Young Victor Frankenstein was fascinated by nature and science; unfortunately, he was also a dickhead who wanted to play God and rule the universe. He went to university and one day he decided that he could use his knowledge and experience to create life by using a rather unconventional method. He started sewing up dead people’s body-parts, felt very happy and was nursing his new-found love for his creature, until ultimately he reanimated the patched-up corpse and felt repulsion and hatred. So after seeing his creature’s cute animated face for the first time, Victor just goes ‘Fuck it, I don’t want this in my life’ and flees. Unfortunately, what Victor doesn’t even realize is that the creature is above all alive, and, as every living thing, is driven by some weird brought-back-to-life survival instinct. Which ultimately leads to a game of cat and mouse, a lot of dead people and misery.

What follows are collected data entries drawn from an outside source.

(* $\mathcal{R}(\mathtt{KB})>1.4334$: there exist MWSBP instances (with $w_i=s_i$ for all items) and corresponding outputs of the Knapsack-Batching algorithm whose cost exceeds $1.4334\cdot\mathtt{OPT}$.
   Context: Min-Weighted Sum Bin Packing (MWSBP): an instance consists of $n$ items with sizes $s_i\in(0,1]$ and weights $w_i>0$. A feasible solution is a partition of the items into bins $B_1,\ldots,B_p$ with $\sum_{i\in B_k}s_i\le 1$; its cost is $\sum_{k=1}^p k\sum_{i\in B_k}w_i$; $\mathtt{OPT}$ is the minimum cost. The Knapsack-Batching algorithm ($\mathtt{KB}$): for $k=1,2,\ldots$ while items remain, let $B_k$ be a subset of the remaining items of maximum total weight subject to total size at most $1$ (ties broken arbitrarily). The approximation ratio $\mathcal{R}(\mathtt{ALG})$ is the smallest $\rho\ge1$ such that on every instance (and for every way the algorithm may break ties) the cost of its output is at most $\rho\cdot\mathtt{OPT}$. *)

theory Defs
  imports Main "HOL-Library.Multiset" Complex_Main
begin

text \<open>Items are natural numbers from a finite set I; s = sizes, w = weights.
  A solution is a list of bins (bin k+1 is the k-th list entry, 0-based).\<close>

definition mwsbp_instance :: "nat set \<Rightarrow> (nat \<Rightarrow> real) \<Rightarrow> (nat \<Rightarrow> real) \<Rightarrow> bool" where
  "mwsbp_instance I s w \<longleftrightarrow> finite I \<and> (\<forall>i\<in>I. 0 < s i \<and> s i \<le> 1 \<and> 0 < w i)"

definition feasible :: "nat set \<Rightarrow> (nat \<Rightarrow> real) \<Rightarrow> nat set list \<Rightarrow> bool" where
  "feasible I s Bs \<longleftrightarrow>
     (\<Union>(set Bs) = I) \<and>
     (\<forall>k<length Bs. Bs ! k \<noteq> {} \<and> Bs ! k \<subseteq> I \<and> sum s (Bs ! k) \<le> 1) \<and>
     (\<forall>j<length Bs. \<forall>k<length Bs. j \<noteq> k \<longrightarrow> Bs ! j \<inter> Bs ! k = {})"

definition cost :: "(nat \<Rightarrow> real) \<Rightarrow> nat set list \<Rightarrow> real" where
  "cost w Bs = (\<Sum>k<length Bs. real (k + 1) * sum w (Bs ! k))"
theorem theorem3:
  fixes N :: nat and X1 X2 :: "nat set" and u \<mu> :: real
  assumes "X1 \<subseteq> {1..N}" and "X2 \<subseteq> {1..N}"
    and "\<mu> = measure_pmf.expectation (unif_perm N) (\<lambda>\<sigma>. real (card (X_pairs X1 X2 \<sigma>)))"
    and "u \<ge> 6 * \<mu>"
  shows "measure_pmf.prob (unif_perm N) {\<pi>. real (card (X_pairs X1 X2 \<pi>)) \<ge> \<mu> + u}
           \<le> exp (- (3/4) * u)"
proof -
  have \<mu>: "\<mu> = real (card X1) * real (card X2) / real N"
    using expectation_card_X_pairs[OF assms(1,2)] assms(3) by simp
  then have "\<mu> \<ge> 0" by simp
  define k where "k = nat \<lceil>\<mu> + u\<rceil>"
  have k: "\<mu> + u \<le> real k"
    unfolding k_def by linarith
  have "{\<pi>. real (card (X_pairs X1 X2 \<pi>)) \<ge> \<mu> + u} = {\<pi>. k \<le> card (X_pairs X1 X2 \<pi>)}"
    unfolding k_def by (simp add: nat_le_iff ceiling_le_iff)
  then have "measure_pmf.prob (unif_perm N) {\<pi>. real (card (X_pairs X1 X2 \<pi>)) \<ge> \<mu> + u}
      \<le> \<mu> ^ k / fact k"
    using prob_card_X_pairs_ge[OF assms(1,2)] \<mu> by simp
  also have "\<dots> \<le> exp (- (3/4) * real k)"
    using \<open>\<mu> \<ge> 0\<close> k assms(4) by (intro power_div_fact_le_exp_neg) auto
  also have "\<dots> \<le> exp (- (3/4) * u)"
    using k \<open>\<mu> \<ge> 0\<close> by simp
  finally show ?thesis .
qed
fun val_has_type :: "val \<Rightarrow> btype \<Rightarrow> bool" where
  "val_has_type (VInt _) TInt = True"
| "val_has_type (VStr _) TStr = True"
| "val_has_type (VBool _) TBool = True"
| "val_has_type (VPair v w) (TPair B C) = (val_has_type v B \<and> val_has_type w C)"
| "val_has_type _ _ = False"

datatype aexp = AVal val | AVar vname

datatype pred = PTrue | PFalse | PEq aexp aexp | PLe aexp aexp | PAnd pred pred | PNot pred

fun eval_pred :: "pred \<Rightarrow> bool option" where
  "eval_pred PTrue = Some True"
| "eval_pred PFalse = Some False"
| "eval_pred (PEq (AVal v) (AVal w)) = Some (v = w)"
| "eval_pred (PEq _ _) = None"
| "eval_pred (PLe (AVal (VInt i)) (AVal (VInt j))) = Some (i \<le> j)"
| "eval_pred (PLe _ _) = None"
| "eval_pred (PAnd A B) =
     (case (eval_pred A, eval_pred B) of (Some a, Some b) \<Rightarrow> Some (a \<and> b) | _ \<Rightarrow> None)"
| "eval_pred (PNot A) = map_option Not (eval_pred A)"

fun aexp_has_type :: "(vname \<Rightarrow> btype option) \<Rightarrow> aexp \<Rightarrow> btype \<Rightarrow> bool" where
  "aexp_has_type \<Gamma> (AVar x) B = (\<Gamma> x = Some B)"
| "aexp_has_type \<Gamma> (AVal v) B = val_has_type v B"

fun pred_bool :: "(vname \<Rightarrow> btype option) \<Rightarrow> pred \<Rightarrow> bool" where
  "pred_bool \<Gamma> PTrue = True"
| "pred_bool \<Gamma> PFalse = True"
| "pred_bool \<Gamma> (PEq a b) = (\<exists>B. aexp_has_type \<Gamma> a B \<and> aexp_has_type \<Gamma> b B)"
| "pred_bool \<Gamma> (PLe a b) = (aexp_has_type \<Gamma> a TInt \<and> aexp_has_type \<Gamma> b TInt)"
| "pred_bool \<Gamma> (PAnd A B) = (pred_bool \<Gamma> A \<and> pred_bool \<Gamma> B)"
| "pred_bool \<Gamma> (PNot A) = pred_bool \<Gamma> A"

fun subst_a :: "vname \<Rightarrow> val \<Rightarrow> aexp \<Rightarrow> aexp" where
  "subst_a x v (AVar y) = (if x = y then AVal v else AVar y)"
| "subst_a x v (AVal w) = AVal w"

fun subst_pred :: "vname \<Rightarrow> val \<Rightarrow> pred \<Rightarrow> pred" where
  "subst_pred x v PTrue = PTrue"
| "subst_pred x v PFalse = PFalse"
| "subst_pred x v (PEq a b) = PEq (subst_a x v a) (subst_a x v b)"
| "subst_pred x v (PLe a b) = PLe (subst_a x v a) (subst_a x v b)"
| "subst_pred x v (PAnd A B) = PAnd (subst_pred x v A) (subst_pred x v B)"
| "subst_pred x v (PNot A) = PNot (subst_pred x v A)"

fun fv_a :: "aexp \<Rightarrow> vname set" where
  "fv_a (AVar x) = {x}" | "fv_a (AVal _) = {}"

fun fv_pred :: "pred \<Rightarrow> vname set" where
  "fv_pred PTrue = {}"
| "fv_pred PFalse = {}"
| "fv_pred (PEq a b) = fv_a a \<union> fv_a b"
| "fv_pred (PLe a b) = fv_a a \<union> fv_a b"
| "fv_pred (PAnd A B) = fv_pred A \<union> fv_pred B"
| "fv_pred (PNot A) = fv_pred A"

datatype proc =
    PSend label aexp proc
  | PBranch "(label \<times> vname \<times> proc) list"
  | PRec pvar proc
  | PVar pvar
  | PIf pred proc proc
  | PNil

fun psubst_v :: "vname \<Rightarrow> val \<Rightarrow> proc \<Rightarrow> proc" where
  "psubst_v x v (PSend l a P) = PSend l (subst_a x v a) (psubst_v x v P)"
| "psubst_v x v (PBranch bs) =
     PBranch (map (\<lambda>(l, y, Q). (l, y, if y = x then Q else psubst_v x v Q)) bs)"
| "psubst_v x v (PRec X P) = PRec X (psubst_v x v P)"
| "psubst_v x v (PVar X) = PVar X"
| "psubst_v x v (PIf A P Q) = PIf (subst_pred x v A) (psubst_v x v P) (psubst_v x v Q)"
| "psubst_v x v PNil = PNil"

fun psubst_X :: "pvar \<Rightarrow> proc \<Rightarrow> proc \<Rightarrow> proc" where
  "psubst_X X R (PSend l a P) = PSend l a (psubst_X X R P)"
| "psubst_X X R (PBranch bs) = PBranch (map (\<lambda>(l, y, Q). (l, y, psubst_X X R Q)) bs)"
| "psubst_X X R (PRec Y P) = (if X = Y then PRec Y P else PRec Y (psubst_X X R P))"
| "psubst_X X R (PVar Y) = (if X = Y then R else PVar Y)"
| "psubst_X X R (PIf A P Q) = PIf A (psubst_X X R P) (psubst_X X R Q)"
| "psubst_X X R PNil = PNil"

fun fv_proc :: "proc \<Rightarrow> vname set" where
  "fv_proc (PSend l a P) = fv_a a \<union> fv_proc P"
| "fv_proc (PBranch bs) = (\<Union>(l, y, Q) \<in> set bs. fv_proc Q - {y})"
| "fv_proc (PRec X P) = fv_proc P"
| "fv_proc (PVar X) = {}"
| "fv_proc (PIf A P Q) = fv_pred A \<union> fv_proc P \<union> fv_proc Q"
| "fv_proc PNil = {}"

fun fpv_proc :: "proc \<Rightarrow> pvar set" where
  "fpv_proc (PSend l a P) = fpv_proc P"
| "fpv_proc (PBranch bs) = (\<Union>(l, y, Q) \<in> set bs. fpv_proc Q)"
| "fpv_proc (PRec X P) = fpv_proc P - {X}"
| "fpv_proc (PVar X) = {X}"
| "fpv_proc (PIf A P Q) = fpv_proc P \<union> fpv_proc Q"
| "fpv_proc PNil = {}"

fun unguarded_proc :: "pvar \<Rightarrow> proc \<Rightarrow> bool" where
  "unguarded_proc X (PSend l a P) = False"
| "unguarded_proc X (PBranch bs) = False"
| "unguarded_proc X (PRec Y P) = (X \<noteq> Y \<and> unguarded_proc X P)"
| "unguarded_proc X (PVar Y) = (X = Y)"
| "unguarded_proc X (PIf A P Q) = (unguarded_proc X P \<or> unguarded_proc X Q)"
| "unguarded_proc X PNil = False"
(* Let $R\subseteq\mathbb R$ be an archimedean real closed field and $\overline F$ a field with $R\subseteq\overline F\subseteq\mathbb R$. Then the map $\iota_{\overline F|R}:M(R(y))\to M(\overline F(y))$, $\zeta\mapsto\zeta_{\overline F}$, is a continuous injective map compatible with restriction. If $\overline F$ is real closed, then it is a homeomorphism onto $M(\overline F(y))$.
   Context: For a field $K$, $M(K)$ is the set of $\mathbb R$-places $K\to\mathbb R\cup\{\infty\}$, with topology generated by the subbasis $H'(b)=\{\zeta\in M(K)\mid \infty\ne\zeta(b)>0\}$, $b\in K$. Every $\zeta\in M(R(y))$ is the identity on $R$; its constant extension $\zeta_{\overline F}$ is the unique $\mathbb R$-place of $\overline F(y)$ which is the identity on $\overline F$ and satisfies $\zeta_{\overline F}(y)=\zeta(y)$. Compatible with restriction means $\zeta_{\overline F}|_{R(y)}=\zeta$. *)

theory Defs
  imports "HOL-Analysis.Analysis" "HOL-Computational_Algebra.Polynomial" "HOL-Computational_Algebra.Fraction_Field"
begin

definition real_subfield :: "real set \<Rightarrow> bool" where
  "real_subfield S \<longleftrightarrow> 0 \<in> S \<and> 1 \<in> S \<and>
     (\<forall>a\<in>S. \<forall>b\<in>S. a + b \<in> S \<and> a * b \<in> S) \<and>
     (\<forall>a\<in>S. - a \<in> S \<and> inverse a \<in> S)"

definition real_closed_subfield :: "real set \<Rightarrow> bool" where
  "real_closed_subfield S \<longleftrightarrow> real_subfield S \<and>
     (\<forall>a\<in>S. a > 0 \<longrightarrow> (\<exists>b\<in>S. b * b = a)) \<and>
     (\<forall>p :: real poly. (\<forall>i. coeff p i \<in> S) \<and> odd (degree p) \<longrightarrow>
        (\<exists>x\<in>S. poly p x = 0))"

definition ratfun_field :: "real set \<Rightarrow> real poly fract set" where
  "ratfun_field S = {Fract p q | p q.
      (\<forall>i. coeff p i \<in> S) \<and> (\<forall>i. coeff q i \<in> S) \<and> q \<noteq> 0}"

definition var_y :: "real poly fract" where
  "var_y = Fract [:0, 1:] 1"

definition const_fract :: "real \<Rightarrow> real poly fract" where
  "const_fract c = Fract [:c:] 1"

text \<open>R-places of a field K (a subfield of the ambient field type): maps K \<rightarrow> R \<union> {\<infinity>},
  with \<infinity> represented by None.  The finite part is a valuation ring of K on which the
  map is a ring homomorphism into R; the value \<infinity> is attained exactly at the nonzero
  elements whose inverse is sent to 0.  Outside K the map is normalised to None.\<close>
definition real_place :: "'a::field set \<Rightarrow> ('a \<Rightarrow> real option) \<Rightarrow> bool" where
  "real_place K \<zeta> \<longleftrightarrow>
     (\<forall>a. a \<notin> K \<longrightarrow> \<zeta> a = None) \<and>
     \<zeta> 1 = Some 1 \<and>
     (\<forall>a\<in>K. \<zeta> a = None \<longleftrightarrow> (a \<noteq> 0 \<and> \<zeta> (inverse a) = Some 0)) \<and>
     (\<forall>a\<in>K. \<forall>b\<in>K. \<zeta> a \<noteq> None \<and> \<zeta> b \<noteq> None \<longrightarrow>
        \<zeta> (a + b) = Some (the (\<zeta> a) + the (\<zeta> b)) \<and>
        \<zeta> (a * b) = Some (the (\<zeta> a) * the (\<zeta> b)))"
(* The expected runtime (number of fitness evaluations) of both the (1+1)~IA$^{\text{hyp}}_{>}$ and the (1+1)~IA$^{\text{hyp}}_{\ge}$ to optimise $\textsc{OneMax}(x)=\sum_{i=1}^n x_i$ is $\Theta(n^2\log n)$.
   Context: The (1+1)~IA$^{\text{hyp}}$ keeps one bit string $x\in\{0,1\}^n$ (uniformly random initially); each iteration it creates $y$ by static hypermutation with FCM and sets $x:=y$ if $f(y)\ge f(x)$ (maximisation). Static hypermutation with FCM has a constant parameter $0<c\le1$ and mutation potential $M=cn$ (an integer): distinct bit positions are chosen uniformly at random without replacement and flipped one after another; each intermediate string is evaluated (one fitness evaluation each); the process stops at the first constructive mutation or after $M$ flips, and the last string is $y$. In (1+1)~IA$^{\text{hyp}}_{>}$ a string $z$ is constructive if $f(z)>f(x)$; in (1+1)~IA$^{\text{hyp}}_{\ge}$ if $f(z)\ge f(x)$. *)

theory Defs
  imports "HOL-Probability.Probability"
begin

text \<open>Bit strings of length n are bool lists of length n (True = 1).\<close>

definition onemax :: "bool list \<Rightarrow> nat" where
  "onemax x = length (filter id x)"

definition flip_bits :: "nat list \<Rightarrow> bool list \<Rightarrow> bool list" where
  "flip_bits ps x = fold (\<lambda>i z. z[i := \<not> z ! i]) ps x"

definition positions :: "nat \<Rightarrow> nat \<Rightarrow> nat list set" where
  "positions n M = {ps. distinct ps \<and> length ps = M \<and> set ps \<subseteq> {0..<n}}"

text \<open>Static hypermutation with FCM.  constr a b says that a string of fitness a
  is constructive w.r.t. the parent of fitness b.  Result: (offspring y, number of
  fitness evaluations spent = number of intermediate strings evaluated).\<close>
definition hypermut ::
  "(nat \<Rightarrow> nat \<Rightarrow> bool) \<Rightarrow> (bool list \<Rightarrow> nat) \<Rightarrow> nat \<Rightarrow> bool list \<Rightarrow> (bool list \<times> nat) pmf" where
  "hypermut constr f M x =
     map_pmf (\<lambda>ps.
        let z = (\<lambda>i. flip_bits (take i ps) x);
            found = {i \<in> {1..M}. constr (f (z i)) (f x)}
        in if found \<noteq> {} then (z (Min found), Min found) else (z M, M))
       (pmf_of_set (positions (length x) M))"

definition ia_step ::
  "(nat \<Rightarrow> nat \<Rightarrow> bool) \<Rightarrow> (bool list \<Rightarrow> nat) \<Rightarrow> nat \<Rightarrow> bool list \<Rightarrow> (bool list \<times> nat) pmf" where
  "ia_step constr f M x =
     map_pmf (\<lambda>(y, k). (if f y \<ge> f x then y else x, k)) (hypermut constr f M x)"

text \<open>State after t iterations together with the number of fitness evaluations
  used so far (1 for evaluating the uniformly random initial string); the process
  is stopped once the current string is optimal.\<close>
fun ia_run ::
  "(nat \<Rightarrow> nat \<Rightarrow> bool) \<Rightarrow> (bool list \<Rightarrow> nat) \<Rightarrow> (bool list \<Rightarrow> bool) \<Rightarrow> nat \<Rightarrow> nat \<Rightarrow> nat
     \<Rightarrow> (bool list \<times> nat) pmf" where
  "ia_run constr f opt n M 0 =
     map_pmf (\<lambda>x. (x, 1)) (pmf_of_set {x. length x = n})"
| "ia_run constr f opt n M (Suc t) =
     bind_pmf (ia_run constr f opt n M t) (\<lambda>(x, c).
       if opt x then return_pmf (x, c)
       else map_pmf (\<lambda>(y, k). (y, c + k)) (ia_step constr f M x))"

Now, let me start by saying that this novel is not not so horrific on a blood-and-gore level, but it is definitely a psychological horror of how humans lack humanity. Having in mind that this book was written back when science was just a toddler, I think that today’s reality, with its sciences evolving every second, is what makes Frankenstein a true horror story. I mean, I can really picture a modern-day Frankenstein doing all sorts of crazy stuff that he doesn’t want to take responsibility for in some weird lab hidden under a desert in some super top-secret facility (let’s say…)
Even though this novel (although frankly, Frankenstein is more like a longer short story) was written nearly 200 years ago, it tackles a lot of modern-day issues that are even more serious now than back then when they cured everything with penicillin and lobotomy. It raises some very serious questions like what is a human, what is humanity, are people good by nature, are they bad. Victor Frankenstein wanted to create. But did he really? Was he ready for his creation coming to life, did he know how to deal with it? There is this theory, called tabula rasa, that basically says that people are born without any mental content, and that they accumulate knowledge through everything around them and through their experience. Unfortunately Adam, the creature, has no parents to guide him, his daddy fled and left him all alone. So was this humane? Is Victor a human just because he was born and not…a reanimated dead corpse? Does Adam gain humanity through observing the world, educating himself and wanting to form relationship with other beings and be good to them? Or does his new-found hatred for mankind make him a monster?
I think this book is a mandatory read. It’s a bit slow because of the language and the language barrier, but, apart from the weird language, it is so applicable in today’s reality, it’s not even funny. I hope more people, especially young people, read this because this is horror at its finest.